How We Build Multi-Agent Systems for Hyde Park
Every multi-agent engagement begins with workflow mapping. We trace your target process from initial trigger through every decision point, branching path, data dependency, and final output. For Hyde Park's research and academic clients, this mapping captures the institutional review requirements, quality checkpoints, and approval hierarchies that govern how the process must operate. For clinical workflows, it captures the compliance requirements and audit trail expectations that regulated healthcare environments impose.
Agent architecture follows from the workflow map. Each agent receives a defined role, specific tools, and explicit contracts with the other agents it interacts with. An orchestration layer handles sequencing, manages dependencies between agents, implements retry logic when individual agents encounter errors, and enforces quality thresholds before allowing outputs to progress through the workflow.
For Hyde Park's academic and research contexts, we select frameworks based on the specific requirements of each engagement. The Claude Agent SDK for Anthropic-native systems where natural language understanding is central to the workflow. LangGraph for complex stateful workflows where the execution graph needs explicit branching and state management. CrewAI for role-based agent teams where the analogy to human team coordination directly maps the workflow structure.
Testing for Hyde Park organizations includes compliance-scenario coverage for regulated workflows and edge-case coverage for research workflows where unusual inputs are a routine occurrence. Academic and research datasets contain the unexpected: incomplete submissions, non-standard formats, interdisciplinary materials that span multiple classification categories. Our testing specifically targets these edge cases rather than treating them as exceptional.
Industries We Serve in Hyde Park
Academic research organizations and UChicago research centers use multi-agent systems to automate grant processing workflows, literature synthesis pipelines, research data quality checks, and the coordination of multi-investigator study administration that currently requires sustained human attention at every handoff.
Polsky Center startups and academic ventures build multi-agent systems as core operational infrastructure for their service delivery workflows, enabling the kind of automation that allows small teams to handle volumes that would otherwise require substantially larger headcounts.

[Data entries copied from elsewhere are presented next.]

lemma ellhat_fpf_conj_transpose_eq_plus_one_iff_eq_r:
  assumes "q < j"
  shows "ellhat_fpf (transpose q j \<circ> y \<circ> transpose q j) = ellhat_fpf y + 1 \<longleftrightarrow> j = r"
proof -
  obtain K where K: "{q, r, j} \<subseteq> window K" "window_fpf_involution K z"
    using FZ_window_fpf_involution[OF z_FZ, of "{q, r, j}"] by auto
  then have "window_fpf_involution K y"
    unfolding y_def by (intro window_fpf_involution_conj_transpose) auto
  moreover have "y q \<noteq> j"
    using assms z_r_less_q by (simp add: y_q)
  ultimately have "ellhat_fpf (transpose q j \<circ> y \<circ> transpose q j) = ellhat_fpf y + 1 \<longleftrightarrow>
      cover_condition y q j"
    using K(1) assms by (intro ellhat_fpf_conj_transpose_eq_plus_one_iff) auto
  then show ?thesis
    using cover_condition_r cover_condition_imp_ge_r cover_condition_imp_le_r assms by force
qed

end

theorem lemma3p17:
  fixes z :: "int \<Rightarrow> int" and q r :: int
  assumes "z \<in> FZ" and "z \<noteq> Theta"
    and "(q, r) \<in> fpf_visible_inv z"
    and "\<forall>(i, j) \<in> fpf_visible_inv z. i < q \<or> (i = q \<and> j \<le> r)"
  shows "PsiHatPlus (transpose q r \<circ> z \<circ> transpose q r) q = {z}"
proof -
  \<comment> \<open>The hypothesis z \<noteq> Theta only guarantees that a visible inversion exists.\<close>
  define y where "y = transpose q r \<circ> z \<circ> transpose q r"
  note ellhat_iff = ellhat_fpf_conj_transpose_eq_plus_one_iff_eq_r[OF assms(1,3,4) y_def]
  have "transpose q r \<circ> y \<circ> transpose q r = z"
    by (simp add: y_def fun_eq_iff)
  moreover have "q < r"
    using assms(3) by (simp add: fpf_visible_inv_def)
  ultimately show ?thesis
    unfolding y_def[symmetric] PsiHatPlus_def using assms(1) ellhat_iff by auto
qed

end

UChicago Medicine and affiliated healthcare organizations use multi-agent systems to coordinate patient intake, prior authorization, referral management, and clinical documentation workflows across the administrative layer of their operations, freeing clinical staff to focus on patient care rather than administrative coordination.
Nonprofits and community organizations in Hyde Park use multi-agent systems to automate grant reporting, program outcome documentation, and community engagement workflows that currently require significant staff time for coordination tasks with limited direct service value.
Professional services firms serving the Hyde Park academic and hospital community automate research workflows, client intake, document processing, and communication sequences through multi-agent architectures that maintain consistent quality across variable input volumes.
What to Expect Working With Us
1. Discovery and workflow mapping. We map your target workflow end to end, documenting every decision point, data dependency, handoff, and quality checkpoint. For Hyde Park's regulated and compliance-sensitive organizations, this mapping includes the compliance requirements that constrain how each step must operate. The workflow map becomes the architectural blueprint.
2. Architecture and agent design. We design each agent's role, tools, and coordination contracts. The orchestration layer design addresses branching logic, retry strategies, and quality thresholds. For research and academic workflows, we design the quality checkpoints that ensure outputs meet the accuracy standards the workflow requires before proceeding.
3. Build and testing. We build and test each agent individually, then integrate them into the full orchestrated system. End-to-end testing covers standard paths and the edge cases that Hyde Park's research and academic inputs are likely to generate. For regulated workflows, testing includes compliance scenario coverage.
4. Phased deployment and expansion. We deploy incrementally, beginning with routine cases under human oversight. As confidence builds in each agent's performance and the orchestration layer's coordination, we expand autonomy. Monthly reviews identify optimization opportunities and new workflow candidates for automation.